2.The Public Warrant Shares and the Private Placement Warrant Shares have been duly authorized and, when issued and delivered by the Company against payment therefor in accordance with the terms of the Public Warrants and the Private Placement Warrants, respectively, will be validly issued, fully paid and non-assessable.


3.The PIPE Shares and the Merger Shares, when sold by the selling securityholders (as defined in the Registration Statement) in accordance with the Registration Statement, will be validly issued, fully paid and non-assessable.
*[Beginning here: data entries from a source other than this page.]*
lemma computable_unpair_snd:
  "computable n f \<Longrightarrow> computable n (\<lambda>xs. unpair_snd (f xs))"
  unfolding unpair_snd_def by (auto intro!: computable_intros computable_tri_root computable_unpair_fst)

(* Operations on codes of lists, mirroring list_encode (x # xs) = Suc (prod_encode (x,
   list_encode xs)). They are defined for all numbers and are correct on codes of lists. *)
definition code_Cons :: "nat \<Rightarrow> nat \<Rightarrow> nat" where
  "code_Cons x c = Suc (prod_encode (x, c))"

definition code_hd :: "nat \<Rightarrow> nat" where
  "code_hd c = unpair_fst (c - 1)"

definition code_tl :: "nat \<Rightarrow> nat" where
  "code_tl c = unpair_snd (c - 1)"

definition code_drop :: "nat \<Rightarrow> nat \<Rightarrow> nat" where
  "code_drop c i = rec_nat c (\<lambda>k r. code_tl r) i"

definition code_nth :: "nat \<Rightarrow> nat \<Rightarrow> nat" where
  "code_nth c i = code_hd (code_drop c i)"

definition code_length :: "nat \<Rightarrow> nat" where
  "code_length c = (\<Sum>i<c. if code_drop c i = 0 then 0 else 1)"

definition code_append :: "nat \<Rightarrow> nat \<Rightarrow> nat" where
  "code_append c d = rec_nat d (\<lambda>k r. code_Cons (code_nth c (code_length c - Suc k)) r) (code_length c)"

lemma code_Cons_list_encode: "code_Cons x (list_encode ys) = list_encode (x # ys)"
  by (simp add: code_Cons_def)

lemma code_tl_list_encode: "code_tl (list_encode ys) = list_encode (tl ys)"
proof (cases ys)
  case Nil
  have "prod_decode 0 = (0, 0)" using prod_encode_inverse[of "(0, 0)"] by (simp add: prod_encode_def)
  then show ?thesis using Nil prod_decode_unpair[of 0] by (simp add: code_tl_def)
next
  case (Cons x xs)
  then show ?thesis
    using prod_decode_unpair[of "prod_encode (x, list_encode xs)"] by (simp add: code_tl_def)
qed

lemma code_drop_list_encode: "code_drop (list_encode xs) i = list_encode (drop i xs)"
  by (induction i) (auto simp: code_drop_def code_tl_list_encode drop_Suc tl_drop)

lemma code_nth_list_encode: "i < length xs \<Longrightarrow> code_nth (list_encode xs) i = xs ! i"
  using prod_decode_unpair[of "prod_encode (xs ! i, list_encode (drop (Suc i) xs))"]
  by (simp add: code_nth_def code_hd_def code_drop_list_encode Cons_nth_drop_Suc[symmetric])

(* A code bounds the length of the list, so code_length may search below the code. *)
lemma length_le_list_encode: "length xs \<le> list_encode xs"
  by (induction xs) (auto simp: le_imp_less_Suc intro: order.trans[OF _ le_prod_encode_2])

lemma code_length_list_encode: "code_length (list_encode xs) = length xs"
proof -
  have "list_encode ys = 0 \<longleftrightarrow> ys = []" for ys by (cases ys) auto
  then have "code_length (list_encode xs) = (\<Sum>i<list_encode xs. if i < length xs then 1 else 0)"
    unfolding code_length_def code_drop_list_encode by (intro sum.cong) auto
  then show ?thesis using length_le_list_encode[of xs] sum_indicator_less by simp
qed

lemma code_append_list_encode:
  "code_append (list_encode xs) (list_encode ys) = list_encode (xs @ ys)"
proof -
  let ?R = "\<lambda>k. rec_nat (list_encode ys)
              (\<lambda>k r. code_Cons (code_nth (list_encode xs) (length xs - Suc k)) r) k"
  have "?R k = list_encode (drop (length xs - k) xs @ ys)" if "k \<le> length xs" for k
    using that
  proof (induction k)
    case 0 then show ?case by simp
  next
    case (Suc k)
    have j: "length xs - Suc k < length xs" "Suc (length xs - Suc k) = length xs - k"
      using Suc.prems by auto
    have "drop (length xs - Suc k) xs = xs ! (length xs - Suc k) # drop (length xs - k) xs"
      using Cons_nth_drop_Suc[OF j(1), symmetric] j(2) by simp
    then show ?case using Suc by (simp add: code_Cons_list_encode code_nth_list_encode)
  qed
  then show ?thesis unfolding code_append_def code_length_list_encode by simp
qed

lemma computable_code_Cons:
  "computable n f \<Longrightarrow> computable n g \<Longrightarrow> computable n (\<lambda>xs. code_Cons (f xs) (g xs))"
  unfolding code_Cons_def by (auto intro!: computable_intros computable_prod_encode)

lemma computable_code_drop:
  assumes "computable n f" and "computable n g"
  shows "computable n (\<lambda>xs. code_drop (f xs) (g xs))"
proof (rule computable_lift2[OF _ assms])
  have "computable 2 (\<lambda>ys. rec_nat (ys ! 0) (\<lambda>k r. (\<lambda>zs. code_tl (zs ! 0)) (r # k # ys)) (ys ! 1))"
    unfolding code_tl_def
    by (rule computable_rec_nat) (auto intro!: computable_intros computable_unpair_snd)
  then show "computable 2 (\<lambda>ys. code_drop (ys ! 0) (ys ! 1))"
    by (rule computable_cong) (simp add: code_drop_def)
qed

lemma computable_code_nth:
  "computable n f \<Longrightarrow> computable n g \<Longrightarrow> computable n (\<lambda>xs. code_nth (f xs) (g xs))"
  unfolding code_nth_def code_hd_def
  by (auto intro!: computable_intros computable_unpair_fst computable_code_drop)

lemma computable_code_length:
  assumes "computable n f" shows "computable n (\<lambda>xs. code_length (f xs))"
proof (rule computable_lift1[OF _ assms])
  have "computable (Suc 1) (\<lambda>zs. if code_drop (zs ! 1) (zs ! 0) = 0 then 0 else 1)"
    by (auto intro!: computable_intros computable_code_drop)
  from computable_sum_less[OF this computable_proj[of 0 1, OF zero_less_one]]
  show "computable 1 (\<lambda>ys. code_length (ys ! 0))"
    by (rule computable_cong) (simp add: code_length_def)
qed

lemma computable_code_append:
  assumes "computable n f" and "computable n g"
  shows "computable n (\<lambda>xs. code_append (f xs) (g xs))"
proof (rule computable_lift2[OF _ assms])
  have "computable 2 (\<lambda>ys. rec_nat (ys ! 1)
          (\<lambda>k r. (\<lambda>zs. code_Cons (code_nth (zs ! 2) (code_length (zs ! 2) - Suc (zs ! 1))) (zs ! 0))
            (r # k # ys)) (code_length (ys ! 0)))"
    by (rule computable_rec_nat)
      (auto intro!: computable_intros computable_code_Cons computable_code_nth computable_code_length)
  then show "computable 2 (\<lambda>ys. code_append (ys ! 0) (ys ! 1))"
    by (rule computable_cong) (simp add: code_append_def)
qed

section \<open>Collisions of expanding automata can be taken short\<close>

fun run :: "automaton \<Rightarrow> nat \<Rightarrow> nat list \<Rightarrow> nat" where
  "run A p [] = p"
| "run A p (a # w) = run A (ttab A ! p ! a) w"

lemma run_append: "run A p (x @ y) = run A (run A p x) y"
  by (induction x arbitrary: p) auto

lemma state_map_append:
  "state_map A p (x @ y) = state_map A p x @ state_map A (run A p x) y"
  by (induction x arbitrary: p) auto

(* Runs stay among the states and, since outputs are nonempty, outputs are at least as long as inputs. *)
lemma run_in_states:
  "expanding_automaton A \<Longrightarrow> p < nQ A \<Longrightarrow> set w \<subseteq> {..<nS A} \<Longrightarrow> run A p w < nQ A"
  by (induction w arbitrary: p) (auto simp: expanding_automaton_def)

lemma length_le_state_map:
  assumes "expanding_automaton A" and "p < nQ A" and "set w \<subseteq> {..<nS A}"
  shows "length w \<le> length (state_map A p w)"
  using assms(2,3)
proof (induction w arbitrary: p)
  case Nil then show ?case by simp
next
  case (Cons a w)
  then have "otab A ! p ! a \<noteq> []" and "ttab A ! p ! a < nQ A"
    using assms(1) by (auto simp: expanding_automaton_def)
  with Cons show ?case by (cases "otab A ! p ! a") force+
qed

definition collision :: "automaton \<Rightarrow> nat \<Rightarrow> nat list \<Rightarrow> nat list \<Rightarrow> bool" where
  "collision A q u v \<longleftrightarrow>
     set u \<subseteq> {..<nS A} \<and> set v \<subseteq> {..<nS A} \<and> u \<noteq> v \<and> state_map A q u = state_map A q v"

lemma not_inj_on_iff_collision:
  "\<not> inj_on (state_map A q) (lists {..<nS A}) \<longleftrightarrow> (\<exists>u v. collision A q u v)"
  unfolding inj_on_def collision_def by auto

lemma collision_symmetric: "collision A q u v \<Longrightarrow> collision A q v u"
  unfolding collision_def by auto

(* A word has a different image than any proper extension, because outputs are nonempty. *)
lemma state_map_prefix_eq:
  assumes exp: "expanding_automaton A" and p: "p < nQ A" and v: "set v \<subseteq> {..<nS A}"
    and "prefix u v" and eq: "state_map A p u = state_map A p v"
  shows "u = v"
proof -
  obtain y where v_split: "v = u @ y" using \<open>prefix u v\<close> by (auto elim: prefixE)
  have u: "set u \<subseteq> {..<nS A}" and y: "set y \<subseteq> {..<nS A}" using v v_split by auto
  have "state_map A (run A p u) y = []" using eq v_split by (simp add: state_map_append)
  then have "y = []" using length_le_state_map[OF exp run_in_states[OF exp p u] y] by simp
  then show ?thesis using v_split by simp
qed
The opinions expressed herein are based solely upon the General Corporation Law of the State of Delaware (including the statutory provisions contained therein, the applicable rules and regulations underlying these provisions and reported judicial decisions interpreting the foregoing) and the laws of the State of New York. We express no opinion herein as to any other laws, statutes, rules, regulations or ordinances. The opinions expressed herein that are based on the laws of the State of New York are limited to the laws generally applicable in transactions of the type covered by the Registration Statement.







Wheels Up Experience Inc.
August 20, 2021
Page 3


The foregoing opinions are rendered as of the date hereof, and we assume no obligation to update such opinions to reflect any acts, events, facts or circumstances occurring after the date hereof or which may hereafter come to our attention, or any change in the law which may hereafter occur.


We hereby consent to the filing of this opinion letter as Exhibit 5.1 to the Registration Statement and to the reference to our firm under the caption “Legal Matters” in the Prospectus. In giving such consent, we do not thereby admit that we are experts within the meaning of the Securities Act or the rules and regulations of the Commission or that this consent is required by Section 7 of the Securities Act.